The result was they asked me to work a proportionately increased amount on the 10% project, as well. So not only was I putting in an extra 30 hours a week for no extra pay, no benefits, no tangible rewards in any way, but they wanted me to do even more of that on the other 10% too.
Keep a record of your hours worked, and send them an invoice for the difference at the end of your employment there. Good chance they'll pay it to avoid the headache of arguing.
> In employee-employer relationships, the employer typically has all the power, so if you refuse to sign, you will likely be terminated.

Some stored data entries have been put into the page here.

(* Let $M\ge2$, $1\le n\le M-1$, and let $k,k'\in\mathfrak{L}_M$ satisfy $k_{n-1}=k_n=k_{n+1}=1$ and $k'=k+e^n$, where $e^n$ is the $n$th standard basis vector of $\mathbb{Z}^{M+1}$. Then, as polynomials, $a(x,k')=-2x_{n-1}x_n\,a(x,k)$; in particular $a(x,k')/a(x,k)=-2x_{n-1}x_n$.
   Context: For $M\geq1$, $\mathfrak{L}_M\subset\mathbb{Z}^{M+1}_{\geq0}$ denotes the set of $k=(k_0,\ldots,k_M)$ with $k_0=1$ such that for all $1\leq n\leq M$, $k_n>0$ implies $k_{n-1}>0$. Vectors are indexed from $0$; $\mathbb{1}=(1,\ldots,1)$; inequalities and $\min$ between vectors are entrywise. Multi-index notation: $x^k=\prod_n x_n^{k_n}$, $\binom{k}{b}=\prod_n\binom{k_n}{b_n}$. For $k\in\mathfrak{L}_M$, $\tilde k=(k_1,\ldots,k_M,0)$, $u=\min\{\mathbb{1},\tilde k\}$, $V(k)=\{b\in\mathbb{Z}^{M+1}: u\le b\le \min\{k,\tilde k\}\}$, and $$a(x,k)=\sum_{b\in V(k)}\binom{k}{b}\binom{\tilde k-u}{b-u}(-x)^{\tilde k-b}x^{k-b}\prod_{n=0}^M(1-x_n^2)^{b_n}.$$ *)

theory Defs
  imports Main
begin

text \<open>Vectors in Z^{M+1}_{>=0} indexed 0..M are represented as functions nat => nat
  that vanish beyond index M.\<close>

definition LM :: "nat \<Rightarrow> (nat \<Rightarrow> nat) \<Rightarrow> bool" where
  "LM M k \<longleftrightarrow> k 0 = 1 \<and> (\<forall>n\<in>{1..M}. k n > 0 \<longrightarrow> k (n - 1) > 0) \<and> (\<forall>i>M. k i = 0)"

definition ktil :: "nat \<Rightarrow> (nat \<Rightarrow> nat) \<Rightarrow> nat \<Rightarrow> nat" where
  "ktil M k n = (if n < M then k (Suc n) else 0)"

definition uvec :: "nat \<Rightarrow> (nat \<Rightarrow> nat) \<Rightarrow> nat \<Rightarrow> nat" where
  "uvec M k n = min 1 (ktil M k n)"

definition Vset :: "nat \<Rightarrow> (nat \<Rightarrow> nat) \<Rightarrow> (nat \<Rightarrow> nat) set" where
  "Vset M k = {b. (\<forall>n\<le>M. uvec M k n \<le> b n \<and> b n \<le> min (k n) (ktil M k n)) \<and> (\<forall>n>M. b n = 0)}"

definition avec :: "nat \<Rightarrow> (nat \<Rightarrow> 'a::comm_ring_1) \<Rightarrow> (nat \<Rightarrow> nat) \<Rightarrow> 'a" where
  "avec M x k = (\<Sum>b\<in>Vset M k.
      of_nat (\<Prod>n\<le>M. (k n choose b n)) *
      of_nat (\<Prod>n\<le>M. ((ktil M k n - uvec M k n) choose (b n - uvec M k n))) *
      (\<Prod>n\<le>M. (- x n) ^ (ktil M k n - b n)) *
      (\<Prod>n\<le>M. x n ^ (k n - b n)) *
      (\<Prod>n\<le>M. (1 - (x n)\<^sup>2) ^ b n))"

end

theory Submission
  imports Defs
begin

(* Write a(x,k) = sum over b in V(k) of a summand t(x,k,b).  Passing from k to
   k' = k + e^n with k_{n-1} = k_n = k_{n+1} = 1 changes only two entries of the data entering
   the formula: k_n becomes 2 and, since tilde k is k shifted down by one, tilde k_{n-1}
   becomes 2.  Every other entry of k, tilde k and u is unchanged, and the bounds
   min(k, tilde k) at the positions n-1 and n stay equal to 1, so V(k') = V(k); moreover
   every b in V(k) has b_{n-1} = b_n = 1.  Comparing the summands factor by factor, the
   only changes are binom(k'_n, b_n) = 2 (instead of 1), an extra factor -x_{n-1} from
   (-x)^(tilde k - b), and an extra factor x_n from x^(k - b).  Hence every summand, and so
   a(x,k), gets multiplied by -2 x_{n-1} x_n. *)

definition aterm :: "nat \<Rightarrow> (nat \<Rightarrow> 'a::comm_ring_1) \<Rightarrow> (nat \<Rightarrow> nat) \<Rightarrow> (nat \<Rightarrow> nat) \<Rightarrow> 'a" where
  "aterm M x k b =
      of_nat (\<Prod>n\<le>M. (k n choose b n)) *
      of_nat (\<Prod>n\<le>M. ((ktil M k n - uvec M k n) choose (b n - uvec M k n))) *
      (\<Prod>n\<le>M. (- x n) ^ (ktil M k n - b n)) *
      (\<Prod>n\<le>M. x n ^ (k n - b n)) *
      (\<Prod>n\<le>M. (1 - (x n)\<^sup>2) ^ b n)"

lemma avec_as_sum: "avec M x k = (\<Sum>b\<in>Vset M k. aterm M x k b)"
  by (simp add: avec_def aterm_def)

lemma prod_change_one:
  assumes "finite A" "j \<in> A" "\<And>i. i \<in> A \<Longrightarrow> i \<noteq> j \<Longrightarrow> f i = g i" "f j = c * g j"
  shows "prod f A = (c::'a::comm_monoid_mult) * prod g A"
proof -
  have "prod f A = f j * prod f (A - {j})" using assms(1,2) by (simp add: prod.remove)
  also have "prod f (A - {j}) = prod g (A - {j})" using assms(3) by (intro prod.cong) auto
  also have "f j * prod g (A - {j}) = c * (g j * prod g (A - {j}))" using assms(4) by (simp add: mult.assoc)
  also have "g j * prod g (A - {j}) = prod g A" using assms(1,2) by (simp add: prod.remove)
  finally show ?thesis .
qed

text \<open>Since \<open>tilde k\<close> is \<open>k\<close> shifted down by one, changing \<open>k\<close> at a position \<open>1 \<le> n \<le> M\<close>
  changes \<open>tilde k\<close> exactly at \<open>n - 1\<close>.\<close>

lemma ktil_update:
  assumes "1 \<le> n" "n \<le> M"
  shows "ktil M (k(n := v)) = (ktil M k)(n - 1 := v)"
  using assms by (auto simp: ktil_def fun_eq_iff)

lemma Vset_cong:
  assumes "\<And>i. i \<le> M \<Longrightarrow> uvec M k i = uvec M k' i"
    and "\<And>i. i \<le> M \<Longrightarrow> min (k i) (ktil M k i) = min (k' i) (ktil M k' i)"
  shows "Vset M k = Vset M k'"
  using assms unfolding Vset_def by auto

text \<open>If \<open>k_i = 1\<close> and \<open>tilde k_i \<ge> 1\<close>, then both bounds at \<open>i\<close> equal 1, so \<open>b_i = 1\<close> on \<open>V(k)\<close>.\<close>

lemma Vset_entry_one:
  assumes "b \<in> Vset M k" "i \<le> M" "k i = 1" "ktil M k i \<ge> 1"
  shows "b i = 1"
proof -
  have "uvec M k i = 1" using assms(4) by (simp add: uvec_def)
  with assms show ?thesis unfolding Vset_def by fastforce
qed

lemma Vset_bump:
  assumes "1 \<le> n" "n < M" "k (n - 1) \<le> 1" "k n = 1" "k (n + 1) \<le> 1"
  shows "Vset M (k(n := 2)) = Vset M k"
proof (rule Vset_cong)
  have kt: "ktil M (k(n := 2)) = (ktil M k)(n - 1 := 2)"
    using assms(1,2) by (intro ktil_update) auto
  have ktn: "ktil M k (n - 1) = 1" "ktil M k n = k (n + 1)"
    using assms by (auto simp: ktil_def)
  fix i assume "i \<le> M"
  show "uvec M (k(n := 2)) i = uvec M k i"
    using ktn by (auto simp: uvec_def kt)
  show "min ((k(n := 2)) i) (ktil M (k(n := 2)) i) = min (k i) (ktil M k i)"
    using assms(1,3-5) ktn by (auto simp: kt)
qed

lemma aterm_bump:
  fixes x :: "nat \<Rightarrow> 'a::comm_ring_1"
  assumes "1 \<le> n" "n < M" "k n = 1" "b (n - 1) = 1" "b n = 1"
  shows "aterm M x (k(n := 2)) b = - 2 * x (n - 1) * x n * aterm M x k b"
proof -
  define k' where "k' = k(n := 2)"
  have kt: "ktil M k' = (ktil M k)(n - 1 := 2)"
    unfolding k'_def using assms(1,2) by (intro ktil_update) auto
  have kt_old: "ktil M k (n - 1) = 1" using assms by (auto simp: ktil_def)
  have u: "uvec M k' = uvec M k"
    using kt_old by (auto simp: uvec_def kt fun_eq_iff)
  have u_old: "uvec M k (n - 1) = 1" using kt_old by (simp add: uvec_def)
  have binom_k: "(\<Prod>i\<le>M. (k' i choose b i)) = 2 * (\<Prod>i\<le>M. (k i choose b i))"
    by (rule prod_change_one[where j = n]) (use assms in \<open>auto simp: k'_def\<close>)
  have binom_ktil:
    "(\<Prod>i\<le>M. ((ktil M k' i - uvec M k i) choose (b i - uvec M k i)))
       = (\<Prod>i\<le>M. ((ktil M k i - uvec M k i) choose (b i - uvec M k i)))"
    using assms(4) kt_old u_old by (intro prod.cong) (auto simp: kt)
  have pow_ktil: "(\<Prod>i\<le>M. (- x i) ^ (ktil M k' i - b i))
      = - x (n - 1) * (\<Prod>i\<le>M. (- x i) ^ (ktil M k i - b i))"
    by (rule prod_change_one[where j = "n - 1"]) (use assms kt_old in \<open>auto simp: kt\<close>)
  have pow_k: "(\<Prod>i\<le>M. x i ^ (k' i - b i)) = x n * (\<Prod>i\<le>M. x i ^ (k i - b i))"
    by (rule prod_change_one[where j = n]) (use assms in \<open>auto simp: k'_def\<close>)
  show ?thesis
    unfolding k'_def[symmetric] aterm_def u binom_k binom_ktil pow_ktil pow_k
    by (simp add: algebra_simps)
qed

lemma avec_bump:
  fixes x :: "nat \<Rightarrow> 'a::comm_ring_1"
  assumes "1 \<le> n" "n < M" "k (n - 1) = 1" "k n = 1" "k (n + 1) = 1"
  shows "avec M x (k(n := 2)) = - 2 * x (n - 1) * x n * avec M x k"
proof -
  have ktil_one: "ktil M k (n - 1) = 1" "ktil M k n = 1"
    using assms by (auto simp: ktil_def)
  have "aterm M x (k(n := 2)) b = - 2 * x (n - 1) * x n * aterm M x k b"
    if "b \<in> Vset M k" for b
  proof (rule aterm_bump)
    show "b (n - 1) = 1" "b n = 1"
      using Vset_entry_one[OF that] assms(2-4) ktil_one by auto
  qed (use assms in auto)
  moreover have "Vset M (k(n := 2)) = Vset M k"
    using assms by (intro Vset_bump) auto
  ultimately show ?thesis
    unfolding avec_as_sum sum_distrib_left by (intro sum.cong) auto
qed

theorem proposition2p4:
  fixes M n :: nat and k k' :: "nat \<Rightarrow> nat" and x :: "nat \<Rightarrow> 'a::field"
  assumes "M \<ge> 2" and "1 \<le> n" and "n \<le> M - 1"
    and "LM M k" and "LM M k'"
    and "k (n - 1) = 1" and "k n = 1" and "k (n + 1) = 1"
    and "k' = k(n := k n + 1)"
  shows "avec M x k' = - 2 * x (n - 1) * x n * avec M x k
    \<and> (avec M x k \<noteq> 0 \<longrightarrow> avec M x k' / avec M x k = - 2 * x (n - 1) * x n)"
proof -
  have "n < M" using assms(1,3) by arith
  moreover have "k' = k(n := 2)" using assms(7,9) by (simp add: numeral_2_eq_2)
  ultimately have "avec M x k' = - 2 * x (n - 1) * x n * avec M x k"
    using avec_bump assms(2,6-8) by blast
  then show ?thesis by simp
qed

end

Almost always, it won't hurt to ask. I've gotten approval to cross out some of the clauses when it didn't matter to the employer. Ex: ownership of work clause when I wasn't in a position providing work; but they wouldn't let me cross out asymmetric notice clauses.
I also neglected to sign an NDA for about two years once; I was asked to sign and scan prior to employment, but had some equipment issues and was told we'd do it on the first day, but it was forgotten, until investors wanted to see that everyone had an NDA prior to the next round of investment.
This can vary quite a bit employer to employer. As a contractor I've always successfully crossed out indemnification clauses, noncompete clauses (except while the contract is in progress), and anything that lays claim to my time or effort outside of work. But I've also been willing to walk.
You have more leverage as a contractor I think, the position is different to an employee. Clauses like noncompetes and IP claims outside of the contract are a pretty hard sell for a contractor, as it limits your ability to work after the job is done and as such it's going to be hard to hire a contractor with those kinds terms. I imagine clauses like that are designed to keep employees around for as long as possible, not really an aim if you're hiring a contractor.
Depends on the goals of the contractor. They might concede to some crazy agreements to be able to list a big name company or a high profile project on their work history to get higher paying work in the future.
Not saying this is right or proper... but if you are in the U.S. then this was almost certainly about corporate tax reporting. Your salary may or may not be deductible from the company's business tax, depending on whether your work is classified as an "operational" or "capital" expense.
Different companies are more or less zealous in how they collect documentation for these tax deductions. I've worked for companies where management just "handles it", and it's invisible to employees. I've worked for companies that not only make salaried employees log hours, but also do separate them by project code (with some codes being "operational" and other "capital").
I've rarely had any pushback over clarification or refusing to sign as-is. A lot of the time a strike-through on a portion of a contract is sufficient. My bigger issue is electronic signing against versions that don't have the option of striking a line or two.
My biggest concerns are outside contributions and IP. Personally, I don't believe in Software Patents for the most part, and will not give up rights for stuff I build on my own time.